A 7805 drawing 750mA from a 14V supply will dissipate (14 - 5) * 0.75 = 6.75W. Of course it will get hot. You need a major heat sink for that. The T0220 case can only dissipate about 1W without a heat sink.
yeah. just 750mA seemed like not a lot of power, and the things are rated for 1.5A, ...
the first one I tried using was a straight clay heatsink, but as it got a little bigger I noticed that it didn't get hot uniformly (some parts got hot, others were still cool, and generally was a pretty big mass of clay).
with the metal-dust and clay heatsink, the heatsink seems to at least get hot all over, and presumably cools better (at least, it is a bit more effective with a lot less material, but still not effective enough to work without a fan).

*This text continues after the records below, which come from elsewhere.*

lemma path_prod_gauge_transform:
  assumes unitary: "\<And>j. unitary4 (g j)"
    and links: "\<And>i j. (i, j) \<in> set (zip p (tl p)) \<Longrightarrow>
          U i j \<in> carrier_mat 4 4 \<and> g i * U i j * mat_adjoint (g j) = of_int (\<eta> i j) \<cdot>\<^sub>m 1\<^sub>m 4"
    and "p \<noteq> []"
  shows "g (hd p) * path_prod U p * mat_adjoint (g (last p)) = of_int (path_sign \<eta> p) \<cdot>\<^sub>m 1\<^sub>m 4"
  using links \<open>p \<noteq> []\<close>
proof (induction p rule: induct_list012)
  case (2 i)
  then show ?case using unitary by (simp add: unitary4_def right_mult_one_mat[of _ 4 4])
next
  case (3 i j p)
  have g: "g k \<in> carrier_mat 4 4" "mat_adjoint (g k) \<in> carrier_mat 4 4" for k
    using unitary by (simp_all add: unitary4_def)
  have U: "U i j \<in> carrier_mat 4 4"
    and link: "g i * U i j * mat_adjoint (g j) = of_int (\<eta> i j) \<cdot>\<^sub>m 1\<^sub>m 4"
    using "3.prems"(1)[of i j] by simp_all
  have tail_links: "U a b \<in> carrier_mat 4 4 \<and> g a * U a b * mat_adjoint (g b) = of_int (\<eta> a b) \<cdot>\<^sub>m 1\<^sub>m 4"
    if "(a, b) \<in> set (zip (j # p) (tl (j # p)))" for a b
    using "3.prems"(1)[of a b] that by simp
  have P: "path_prod U (j # p) \<in> carrier_mat 4 4"
    using tail_links by (intro path_prod_carrier) blast
  have IH: "g j * path_prod U (j # p) * mat_adjoint (g (last (j # p)))
      = of_int (path_sign \<eta> (j # p)) \<cdot>\<^sub>m 1\<^sub>m 4"
    using "3.IH"(2)[OF tail_links] by simp
  have "mat_adjoint (g j) * g j = 1\<^sub>m 4"
    using unitary by (simp add: unitary4_def)
  then have "g i * path_prod U (i # j # p) * mat_adjoint (g (last (i # j # p)))
      = g i * U i j * (mat_adjoint (g j) * g j) * path_prod U (j # p) * mat_adjoint (g (last (j # p)))"
    using U P g by (simp add: mat4_mult_assoc right_mult_one_mat[OF U])
  also have "\<dots> = (g i * U i j * mat_adjoint (g j))
                  * (g j * path_prod U (j # p) * mat_adjoint (g (last (j # p))))"
    using U P g by (simp add: mat4_mult_assoc)
  also have "\<dots> = of_int (path_sign \<eta> (i # j # p)) \<cdot>\<^sub>m 1\<^sub>m 4"
    unfolding link IH by (simp add: smult_one_mult_smult_one)
  finally show ?case by simp
qed simp

lemma closed_path_prod_gauge:
  assumes unitary: "\<And>j. unitary4 (g j)"
    and links: "\<And>i j. (i, j) \<in> set (zip p (tl p)) \<Longrightarrow>
          U i j \<in> carrier_mat 4 4 \<and> g i * U i j * mat_adjoint (g j) = of_int (\<eta> i j) \<cdot>\<^sub>m 1\<^sub>m 4"
    and "p \<noteq> []" and closed: "last p = hd p"
  shows "path_prod U p = of_int (path_sign \<eta> p) \<cdot>\<^sub>m 1\<^sub>m 4"
proof -
  let ?g = "g (hd p)" and ?P = "path_prod U p" and ?s = "of_int (path_sign \<eta> p) :: complex"
  have g: "?g \<in> carrier_mat 4 4" "mat_adjoint ?g \<in> carrier_mat 4 4"
    using unitary by (auto simp: unitary4_def)
  have P: "?P \<in> carrier_mat 4 4"
    using links by (intro path_prod_carrier) auto
  have "?P = (mat_adjoint ?g * ?g) * ?P * (mat_adjoint ?g * ?g)"
    using unitary P by (simp add: unitary4_def right_mult_one_mat[OF P])
  also have "\<dots> = mat_adjoint ?g * (?g * ?P * mat_adjoint ?g) * ?g"
    using g P by (simp add: mat4_mult_assoc)
  also have "\<dots> = mat_adjoint ?g * (?s \<cdot>\<^sub>m 1\<^sub>m 4) * ?g"
    using path_prod_gauge_transform[of g p U \<eta>, OF unitary links \<open>p \<noteq> []\<close>] closed by simp
  also have "\<dots> = ?s \<cdot>\<^sub>m (mat_adjoint ?g * ?g)"
    using mult_smult_distrib[OF g(2) one_carrier_mat, of ?s] mult_smult_assoc_mat[OF g(2,1), of ?s]
      right_mult_one_mat[OF g(2)] by simp
  finally show ?thesis
    using unitary by (simp add: unitary4_def)
qed

lemma zip_tl_append:
  "p \<noteq> [] \<Longrightarrow> zip (p @ q) (tl p @ q) = zip p (tl p) @ zip (last p # q) q"
  by (induction p rule: induct_list012) auto

lemma path_sign_append:
  "p \<noteq> [] \<Longrightarrow> path_sign \<eta> (p @ q) = path_sign \<eta> p * path_sign \<eta> (last p # q)"
  by (simp add: path_sign_def zip_tl_append)

definition alternating_path :: "(nat \<Rightarrow> 'a) \<Rightarrow> (nat \<Rightarrow> 'a) \<Rightarrow> nat \<Rightarrow> 'a list" where
  "alternating_path x y n = concat (map (\<lambda>k. [x k, y k]) [0..<n]) @ [x n]"

lemma alternating_path_0: "alternating_path x y 0 = [x 0]"
  by (simp add: alternating_path_def)
(* Let $T$ be an unbounded selfadjoint operator in $H$. Then \[ W_e(T)=\operatorname{conv}\big(\widehat\sigma_e(T)\big)\setminus\{\pm\infty\}. \]
   Context: $H$ is a separable infinite-dimensional complex Hilbert space. $W_e(T)=\{\lambda\in\mathbb C:\exists x_n\in\operatorname{dom}(T),\|x_n\|=1,x_n\stackrel{w}{\to}0,\langle Tx_n,x_n\rangle\to\lambda\}$. $\sigma_e(T)=\{\lambda:\exists x_n\in\operatorname{dom}(T),\|x_n\|=1,x_n\stackrel{w}{\to}0,\|(T-\lambda)x_n\|\to0\}$. For selfadjoint $T$, the extended essential spectrum $\widehat\sigma_e(T)\subset\mathbb R\cup\{+\infty,-\infty\}$ is $\sigma_e(T)$ with $+\infty$ added if $T$ is unbounded from above and $-\infty$ added if $T$ is unbounded from below; the convex hull is taken in the extended real line $\mathbb R\cup\{\pm\infty\}$. *)

theory Defs
  imports Complex_Main "HOL-Library.Extended_Real"
begin

text \<open>The separable infinite-dimensional complex Hilbert space H is modelled
  (up to unitary equivalence) by l2(N), square-summable complex sequences.\<close>

type_synonym vec = "nat \<Rightarrow> complex"

definition vadd :: "vec \<Rightarrow> vec \<Rightarrow> vec" where
  "vadd x y = (\<lambda>n. x n + y n)"

definition vsub :: "vec \<Rightarrow> vec \<Rightarrow> vec" where
  "vsub x y = (\<lambda>n. x n - y n)"

definition l2 :: "vec set" where
  "l2 = {x. summable (\<lambda>n. (cmod (x n))\<^sup>2)}"

definition l2norm :: "vec \<Rightarrow> real" where
  "l2norm x = sqrt (\<Sum>n. (cmod (x n))\<^sup>2)"

definition linner :: "vec \<Rightarrow> vec \<Rightarrow> complex" where
  "linner x y = (\<Sum>n. x n * cnj (y n))"

definition weak_to_zero :: "(nat \<Rightarrow> vec) \<Rightarrow> bool" where
  "weak_to_zero xs \<longleftrightarrow> (\<forall>y\<in>l2. (\<lambda>k. linner (xs k) y) \<longlonglongrightarrow> 0)"

definition lin_op :: "vec set \<Rightarrow> (vec \<Rightarrow> vec) \<Rightarrow> bool" where
  "lin_op D T \<longleftrightarrow> D \<subseteq> l2 \<and> (\<lambda>n. 0) \<in> D \<and>
     (\<forall>x\<in>D. \<forall>y\<in>D. vadd x y \<in> D) \<and> (\<forall>c. \<forall>x\<in>D. (\<lambda>n. c * x n) \<in> D) \<and>
     (\<forall>x\<in>D. T x \<in> l2) \<and>
     (\<forall>x\<in>D. \<forall>y\<in>D. T (vadd x y) = vadd (T x) (T y)) \<and>
     (\<forall>c. \<forall>x\<in>D. T (\<lambda>n. c * x n) = (\<lambda>n. c * T x n))"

have noted that it seems to not get as hot when running off of a 9v back up battery (currently consisting of 6 alkaline AAs wired in series), but this was mostly intended to deal with momentary disruptions to the 12-14v source (I am using a lead-acid battery as the main battery, but power may be momentarily disrupted depending on motor activities, and the 470uF caps I have available don't seem to be sufficient to deal with this on their own, as brief losses to 5v power are enough to cause the RPi to crash or reboot).
note that input diodes are used, so that the 12v and 9v inputs are isolated.
The alternative is a DC to DC converter, which will save power and not get hot.
Bob
I had looked, most options here seemed to be either building my own, or buying something in PCB form. couldn't really seem to find anything quite as convenient as the 7805, but I may not have looked enough.